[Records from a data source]

(* Let $f(\mathbf{x})=\mathbf{x}^{T}A\mathbf{x}+b^{T}\mathbf{x}+1$ with $A\in\mathbb{R}^{n\times n}$ symmetric and $b\in\mathbb{R}^n$. Then there exist real diagonal $2\times 2$ matrices $A_1,\dots,A_n$ with $f(\mathbf{x})=\det(I_2+x_1A_1+\dots+x_nA_n)$ if and only if $A-\frac14 bb^{T}$ is negative semidefinite and has rank at most $1$. *)

theory Defs
  imports "HOL-Analysis.Analysis"
begin

definition diagonal_mat :: "real^'m^'m \<Rightarrow> bool" where
  "diagonal_mat M \<longleftrightarrow> (\<forall>i j. i \<noteq> j \<longrightarrow> M $ i $ j = 0)"

definition neg_semidef :: "real^'n^'n \<Rightarrow> bool" where
  "neg_semidef M \<longleftrightarrow> (\<forall>v. v \<bullet> (M *v v) \<le> 0)"

definition outer :: "real^'n \<Rightarrow> real^'n \<Rightarrow> real^'n^'n" where
  "outer u v = (\<chi> i j. u $ i * v $ j)"

end

theory Submission
  imports Defs
begin

text \<open>
  For diagonal \<open>A\<^sub>i\<close> the determinant is the product of the two affine forms \<open>1 + a \<bullet> x\<close> and
  \<open>1 + c \<bullet> x\<close> read off the diagonal entries. Comparing \<open>f x\<close> with \<open>f (-x)\<close> such a factorisation
  exists iff \<open>b = a + c\<close> and \<open>x\<^sup>T A x = (a \<bullet> x)(c \<bullet> x)\<close>; completing the square, the latter says
  \<open>A - bb\<^sup>T/4 = -dd\<^sup>T\<close> with \<open>d = (a - c)/2\<close>. Finally, a symmetric matrix has the form \<open>-dd\<^sup>T\<close>
  exactly when it is negative semidefinite of rank at most one.
\<close>

lemma outer_mult_vec: "outer u w *v v = (w \<bullet> v) *\<^sub>R u"
  by (simp add: vec_eq_iff outer_def matrix_vector_mult_def inner_vec_def sum_distrib_left mult_ac)

lemma matrix_vector_mult_uminus: "(A::real^'n^'m) *v (- x) = - (A *v x)"
  by (simp add: vec_eq_iff matrix_vector_mult_def sum_negf)

lemma uminus_matrix_vector_mult: "(- A::real^'n^'m) *v x = - (A *v x)"
  by (simp add: vec_eq_iff matrix_vector_mult_def sum_negf)

lemma quadratic_form_outer: "v \<bullet> (outer d d *v v) = (d \<bullet> v)\<^sup>2"
  by (simp add: outer_mult_vec power2_eq_square inner_commute)

lemma quadratic_form_diff_scaleR_outer:
  "v \<bullet> ((A - k *\<^sub>R outer b b) *v v) = v \<bullet> (A *v v) - k * (b \<bullet> v)\<^sup>2"
  by (simp add: matrix_vector_mult_diff_rdistrib scaleR_matrix_vector_assoc[symmetric]
      inner_diff_right quadratic_form_outer[symmetric])

lemma symmetric_inner_commute:
  "transpose (M::real^'n^'n) = M \<Longrightarrow> w \<bullet> (M *v v) = v \<bullet> (M *v w)"
  by (metis dot_lmul_matrix inner_commute transpose_matrix_vector)

lemma symmetric_quadratic_form_eq:
  fixes M N :: "real^'n^'n"
  assumes "transpose M = M" "transpose N = N" "\<And>v. v \<bullet> (M *v v) = v \<bullet> (N *v v)"
  shows "M = N"
proof -
  let ?D = "M - N"
  have "transpose ?D = transpose M - transpose N" by (simp add: vec_eq_iff transpose_def)
  hence sym: "transpose ?D = ?D" using assms by simp
  have quad: "v \<bullet> (?D *v v) = 0" for v
    using assms by (simp add: matrix_vector_mult_diff_rdistrib inner_diff_right)
  have "u \<bullet> (?D *v v) = 0" for u v
  proof -
    \<comment> \<open>polarisation\<close>
    have "(u + v) \<bullet> (?D *v (u + v)) = 0" by (rule quad)
    hence "u \<bullet> (?D *v v) + v \<bullet> (?D *v u) = 0"
      using quad[of u] quad[of v]
      by (simp add: matrix_vector_right_distrib inner_add_left inner_add_right)
    with symmetric_inner_commute[OF sym, of u v] show ?thesis by simp
  qed
  hence "?D *v v = 0" for v using inner_eq_zero_iff by blast
  hence "?D = 0" by (intro matrix_eq[THEN iffD2]) simp
  thus ?thesis by simp
qed

lemma rank_scaleR_outer_self_le_1: "rank (k *\<^sub>R outer (d::real^'n) d) \<le> 1"
proof -
  have "range (\<lambda>x. (k *\<^sub>R outer d d) *v x) \<subseteq> span {d}"
    by (auto simp: scaleR_matrix_vector_assoc[symmetric] outer_mult_vec span_singleton)
  hence "dim (range (\<lambda>x. (k *\<^sub>R outer d d) *v x)) \<le> dim (span {d})" by (rule dim_subset)
  also have "\<dots> \<le> 1" by simp
  finally show ?thesis by (simp add: rank_dim_range)
qed

lemma rank_le_1_imp_range_span:
  fixes M :: "real^'n^'m"
  assumes "rank M \<le> 1"
  obtains u where "\<And>v. M *v v \<in> span {u}"
proof (cases "\<forall>v. M *v v = 0")
  case True
  then show ?thesis by (intro that[of 0]) simp
next
  case False
  then obtain v0 where nz: "M *v v0 \<noteq> 0" by blast
  have "M *v v \<in> span {M *v v0}" for v
  proof (rule ccontr)
    assume nin: "M *v v \<notin> span {M *v v0}"
    have ind: "independent {M *v v, M *v v0}"
      using nin nz by (intro independent_insertI) (auto simp: independent_empty)
    have "card {M *v v, M *v v0} \<le> dim (range (\<lambda>x. M *v x))"
      by (rule independent_card_le_dim[OF _ ind]) auto
    moreover have "M *v v \<noteq> M *v v0" using nin span_base[of "M *v v0" "{M *v v0}"] by auto
    ultimately show False using assms by (simp add: rank_dim_range)
  qed
  then show ?thesis by (rule that)
qed

lemma neg_semidef_rank_le_1_iff:
  fixes M :: "real^'n^'n"
  assumes sym: "transpose M = M"
  shows "neg_semidef M \<and> rank M \<le> 1 \<longleftrightarrow> (\<exists>d. M = - outer d d)"
proof
  assume "neg_semidef M \<and> rank M \<le> 1"
  hence nsd: "neg_semidef M" and rk: "rank M \<le> 1" by auto
  obtain u where "\<And>v. M *v v \<in> span {u}" using rank_le_1_imp_range_span[OF rk] by blast
  hence "\<forall>v. \<exists>k. M *v v = k *\<^sub>R u" by (auto simp: span_singleton)
  then obtain \<phi> where \<phi>: "\<And>v. M *v v = \<phi> v *\<^sub>R u" by metis
  show "\<exists>d. M = - outer d d"
  proof (cases "u = 0")
    case True
    with \<phi> have "M *v v = (- outer 0 0) *v v" for v
      by (simp add: uminus_matrix_vector_mult outer_mult_vec)
    then show ?thesis by (metis matrix_eq)
  next
    case False
    hence uu: "u \<bullet> u > 0" by simp
    define c where "c = \<phi> u / (u \<bullet> u)"
    \<comment> \<open>symmetry forces \<open>\<phi>\<close> to be a multiple of \<open>u \<bullet> _\<close>\<close>
    have Mv: "M *v v = (c * (u \<bullet> v)) *\<^sub>R u" for v
    proof -
      have "\<phi> v * (u \<bullet> u) = \<phi> u * (v \<bullet> u)"
        using symmetric_inner_commute[OF sym, of u v] \<phi>[of u] \<phi>[of v] by simp
      hence "\<phi> v = c * (u \<bullet> v)" using uu by (simp add: c_def field_simps inner_commute)
      thus ?thesis using \<phi> by simp
    qed
    have "u \<bullet> (M *v u) \<le> 0" using nsd by (simp add: neg_semidef_def)
    hence "c * (u \<bullet> u) * (u \<bullet> u) \<le> 0" by (simp add: Mv mult_ac)
    hence c0: "c \<le> 0" using uu by (simp add: mult_le_0_iff)
    define d where "d = sqrt (-c) *\<^sub>R u"
    have "M *v v = (- outer d d) *v v" for v
    proof -
      have "(d \<bullet> v) *\<^sub>R d = (sqrt (-c) * sqrt (-c) * (u \<bullet> v)) *\<^sub>R u"
        by (simp add: d_def algebra_simps)
      also have "\<dots> = - (M *v v)" using c0 by (simp add: Mv)
      finally show ?thesis by (simp add: uminus_matrix_vector_mult outer_mult_vec)
    qed
    then show ?thesis by (metis matrix_eq)
  qed
next
  assume "\<exists>d. M = - outer d d"
  then obtain d where M: "M = - outer d d" ..
  have "v \<bullet> (M *v v) = - (d \<bullet> v)\<^sup>2" for v
    by (simp add: M uminus_matrix_vector_mult quadratic_form_outer)
  moreover have "rank M \<le> 1"
    using rank_scaleR_outer_self_le_1[of "-1" d] by (simp add: M)
  ultimately show "neg_semidef M \<and> rank M \<le> 1" by (simp add: neg_semidef_def)
qed

lemma diagonal_pencil_iff_affine_factors:
  fixes g :: "real^'n \<Rightarrow> real"
  shows "(\<exists>As :: 'n \<Rightarrow> real^2^2. (\<forall>i. diagonal_mat (As i)) \<and>
            (\<forall>x. g x = det (mat 1 + (\<Sum>i\<in>UNIV. x $ i *\<^sub>R As i))))
         \<longleftrightarrow> (\<exists>a c. \<forall>x. g x = (1 + a \<bullet> x) * (1 + c \<bullet> x))"
    (is "(\<exists>As. ?diag As \<and> ?rep As) \<longleftrightarrow> _")
proof -
  have det_pencil: "det (mat 1 + (\<Sum>i\<in>UNIV. x $ i *\<^sub>R As i))
      = (1 + (\<chi> i. As i $ 1 $ 1) \<bullet> x) * (1 + (\<chi> i. As i $ 2 $ 2) \<bullet> x)"
    if "?diag As" for As :: "'n \<Rightarrow> real^2^2" and x
    using that by (simp add: det_2 diagonal_mat_def sum_component mat_def inner_vec_def mult.commute)
  show ?thesis
  proof
    assume "\<exists>As. ?diag As \<and> ?rep As"
    then obtain As where "?diag As" "?rep As" by blast
    then show "\<exists>a c. \<forall>x. g x = (1 + a \<bullet> x) * (1 + c \<bullet> x)" by (auto simp: det_pencil)
  next
    assume "\<exists>a c. \<forall>x. g x = (1 + a \<bullet> x) * (1 + c \<bullet> x)"
    then obtain a c where g: "\<And>x. g x = (1 + a \<bullet> x) * (1 + c \<bullet> x)" by blast
    define As :: "'n \<Rightarrow> real^2^2" where
      "As i = (\<chi> j k. if j = k then (if j = 1 then a $ i else c $ i) else 0)" for i
    have "?diag As" by (simp add: As_def diagonal_mat_def)
    moreover have "(\<chi> i. As i $ 1 $ 1) = a" "(\<chi> i. As i $ 2 $ 2) = c"
      by (simp_all add: As_def vec_eq_iff)
    ultimately have "?diag As \<and> ?rep As" by (simp add: det_pencil g)
    then show "\<exists>As. ?diag As \<and> ?rep As" by blast
  qed
qed

lemma affine_factors_iff_neg_outer:
  fixes A :: "real^'n^'n"
  assumes sym: "transpose A = A"
  shows "(\<exists>a c. \<forall>x. x \<bullet> (A *v x) + b \<bullet> x + 1 = (1 + a \<bullet> x) * (1 + c \<bullet> x))
         \<longleftrightarrow> (\<exists>d. A - (1/4) *\<^sub>R outer b b = - outer d d)"
proof
  assume "\<exists>a c. \<forall>x. x \<bullet> (A *v x) + b \<bullet> x + 1 = (1 + a \<bullet> x) * (1 + c \<bullet> x)"
  then obtain a c where H: "\<And>x. x \<bullet> (A *v x) + b \<bullet> x + 1 = (1 + a \<bullet> x) * (1 + c \<bullet> x)"
    by blast
  \<comment> \<open>the even and odd parts of both sides in \<open>x\<close> agree\<close>
  have quad: "x \<bullet> (A *v x) = (a \<bullet> x) * (c \<bullet> x)" and lin: "(b - (a + c)) \<bullet> x = 0" for x
    using H[of x] H[of "-x"]
    by (simp_all add: matrix_vector_mult_uminus inner_diff_left inner_add_left algebra_simps)
  have b: "b = a + c" using lin[of "b - (a + c)"] by simp
  define d where "d = (1/2) *\<^sub>R (a - c)"
  have "A - (1/4) *\<^sub>R outer b b = - outer d d"
  proof (rule symmetric_quadratic_form_eq)
    show "transpose (A - (1/4) *\<^sub>R outer b b) = A - (1/4) *\<^sub>R outer b b"
      "transpose (- outer d d) = - outer d d"
      using sym by (simp_all add: vec_eq_iff transpose_def outer_def mult.commute)
    show "v \<bullet> ((A - (1/4) *\<^sub>R outer b b) *v v) = v \<bullet> ((- outer d d) *v v)" for v
      unfolding quadratic_form_diff_scaleR_outer uminus_matrix_vector_mult inner_minus_right
        quadratic_form_outer
      by (simp add: quad b d_def inner_add_left inner_diff_left power2_eq_square algebra_simps)
  qed
  then show "\<exists>d. A - (1/4) *\<^sub>R outer b b = - outer d d" ..
next
  assume "\<exists>d. A - (1/4) *\<^sub>R outer b b = - outer d d"
  then obtain d where M: "A - (1/4) *\<^sub>R outer b b = - outer d d" ..
  have "x \<bullet> (A *v x) = (1/4) * (b \<bullet> x)\<^sup>2 - (d \<bullet> x)\<^sup>2" for x
    using arg_cong[OF M, of "\<lambda>M. x \<bullet> (M *v x)"]
    by (simp add: quadratic_form_diff_scaleR_outer uminus_matrix_vector_mult quadratic_form_outer)
  then have "x \<bullet> (A *v x) + b \<bullet> x + 1
      = (1 + ((1/2) *\<^sub>R b + d) \<bullet> x) * (1 + ((1/2) *\<^sub>R b - d) \<bullet> x)" for x
    by (simp add: inner_add_left inner_diff_left power2_eq_square algebra_simps)
  then show "\<exists>a c. \<forall>x. x \<bullet> (A *v x) + b \<bullet> x + 1 = (1 + a \<bullet> x) * (1 + c \<bullet> x)" by blast
qed

theorem mainTheorem3:
  fixes A :: "real^'n^'n" and b :: "real^'n"
  assumes "transpose A = A"
  shows "(\<exists>As :: 'n \<Rightarrow> real^2^2. (\<forall>i. diagonal_mat (As i)) \<and>
            (\<forall>x :: real^'n. x \<bullet> (A *v x) + b \<bullet> x + 1
               = det (mat 1 + (\<Sum>i\<in>UNIV. x $ i *\<^sub>R As i))))
         \<longleftrightarrow> (neg_semidef (A - (1/4) *\<^sub>R outer b b) \<and> rank (A - (1/4) *\<^sub>R outer b b) \<le> 1)"
proof -
  have "transpose (A - (1/4) *\<^sub>R outer b b) = A - (1/4) *\<^sub>R outer b b"
    using assms by (simp add: vec_eq_iff transpose_def outer_def mult.commute)
  then show ?thesis
    by (simp only: diagonal_pencil_iff_affine_factors affine_factors_iff_neg_outer[OF assms]
        neg_semidef_rank_le_1_iff)
qed

end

» What is expected
Above are the records. Copy every line in them holding "definition".

» Exercise answer
definition diagonal_mat :: "real^'m^'m \<Rightarrow> bool" where
definition neg_semidef :: "real^'n^'n \<Rightarrow> bool" where
definition outer :: "real^'n \<Rightarrow> real^'n \<Rightarrow> real^'n^'n" where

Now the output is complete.